Translation elongation regulates substrate selection by the signal recognition particle

Abstract

The signal recognition particle (SRP) is a universally conserved cellular machinery responsible for delivering membrane and secretory proteins to the proper cellular destination. The precise mechanism by which fidelity is achieved by the SRP pathway within the in vivo environment is yet to be understood. Previous studies have focused on the SRP pathway in isolation. Here we describe another important factor that modulates substrate selection by the SRP pathway: the ongoing synthesis of the nascent polypeptide chain by the ribosome. A slower translation elongation rate rescues the targeting defect of substrate proteins bearing mutant, suboptimal signal sequences both in vitro and in vivo. Consistent with a kinetic origin of this effect, similar rescue of protein targeting was also observed with mutant SRP receptors or SRP RNAs that specifically compromise the kinetics of SRP-receptor interaction during protein targeting. These data are consistent with a model in which ongoing protein translation is in constant kinetic competition with the targeting of the nascent proteins by the SRP and provides an important factor to regulate the fidelity of substrate selection by the SRP.

FIGURE 1.

Use of β-OH-Leu to probe the fidelity of protein translocation. A, incorporation of β-OH-Leu into nascent polypeptide reduces the efficiency of pPL translocation.
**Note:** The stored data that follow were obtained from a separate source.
lemma threshold_greedy_subset_Un: "threshold_greedy f k es T G \<tau> \<subseteq> G \<union> (set es \<inter> T)"
proof (induction es arbitrary: G)
  case (Cons e es)
  show ?case using Cons.IH[of "greedy_step f k T \<tau> G e"] by (auto simp: greedy_step_def)
qed simp

lemma threshold_greedy_subset_V:
  "G \<subseteq> V \<Longrightarrow> set es \<subseteq> V \<Longrightarrow> threshold_greedy f k es T G \<tau> \<subseteq> V"
  using threshold_greedy_subset_Un[of f k es T G \<tau>] by blast

lemma finite_threshold_greedy: "finite G \<Longrightarrow> finite (threshold_greedy f k es T G \<tau>)"
  using threshold_greedy_subset_Un by (rule finite_subset) simp

lemma card_threshold_greedy_le:
  "finite G \<Longrightarrow> card G \<le> k \<Longrightarrow> card (threshold_greedy f k es T G \<tau>) \<le> k"
  by (induction es arbitrary: G) (auto simp: greedy_step_def card_insert_if)

lemma threshold_greedy_gain:
  assumes "finite G"
  shows "\<tau> * (real (card (threshold_greedy f k es T G \<tau>)) - real (card G))
           \<le> f (threshold_greedy f k es T G \<tau>) - f G"
  using assms
proof (induction es arbitrary: G)
  case (Cons e es)
  define G1 where "G1 = greedy_step f k T \<tau> G e"
  have "\<tau> * (real (card G1) - real (card G)) \<le> f G1 - f G"
    using Cons.prems by (auto simp: G1_def greedy_step_def card_insert_if insert_absorb)
  moreover have "\<tau> * (real (card (threshold_greedy f k es T G1 \<tau>)) - real (card G1))
      \<le> f (threshold_greedy f k es T G1 \<tau>) - f G1"
    using Cons.IH Cons.prems by (simp add: G1_def greedy_step_def)
  ultimately show ?case
    by (simp add: G1_def[symmetric] algebra_simps)
qed simp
B, the translocation defect of proteins containing β-OH-Leu cannot be rescued by increasing SRP concentration.

FIGURE 2.

The targeting of pPL bearing β-OH-Leu can be rescued by reducing the rate of translation elongation. A, effect of cycloheximide used in this work on the efficiency of pPL translation. B, CHX rescues the targeting defect of pPL bearing β-OH-Leu.

FIGURE 3.

Targeting of proteins with suboptimal signal sequences can be rescued by reducing translation elongation. A, CHX rescues SRP-dependent targeting of proteins with suboptimal signal sequences but has a much smaller effect on the targeting of strong SRP substrates. B, SRP exhibits a lower threshold of substrate selection in the presence of CHX.

FIGURE 4.

Mutations that compromise the kinetics of SRP-SR interaction can be rescued by reducing the rate of translation elongation. A, CHX rescues the defects of mutant FtsYs in the targeting of pPL. B, CHX rescues the defects of mutant SRP RNAs in the targeting of pPL.

FIGURE 5.

Slower translation elongation rescues the targeting defect of sub-optimal SRP substrate proteins in vivo. Failures in the efficient SRP-dependent targeting of FtsQ-PSBT (A), PhoA-Avi (B), and EspP-PSBT (C) were detected by their biotinylation in the cytoplasm, as described in the text, in wild-type (arabinose, +) and SRP-depleted (arabinose, −) cells and in the presence and absence of the translation elongation inhibitor tetracyclin.

FIGURE 6.

Protein targeting by the mammalian SRP is also subject to regulation by translation elongation rates. A, CHX rescues the targeting of proteins with suboptimal signal sequences by the mammalian SRP and SR. B, comparison of the pattern of substrate selection by the mammalian (solid line) and bacterial (dashed line) SRP/SR systems. The data for the bacterial SRP were from Fig. 3.

FIGURE 7.

Model of kinetic competition between protein synthesis and co-translational protein targeting. The ribosome-nascent chain complex can be targeted by the SRP pathway through three major steps, cargo binding (k₁ and k₋₁), SRP-SR assembly (k₂), and cargo unloading (k₃) within a limited time window, which is dictated by the rate of translation elongation (k_T) and the critical nascent chain length beyond which the SRP loses targeting competence.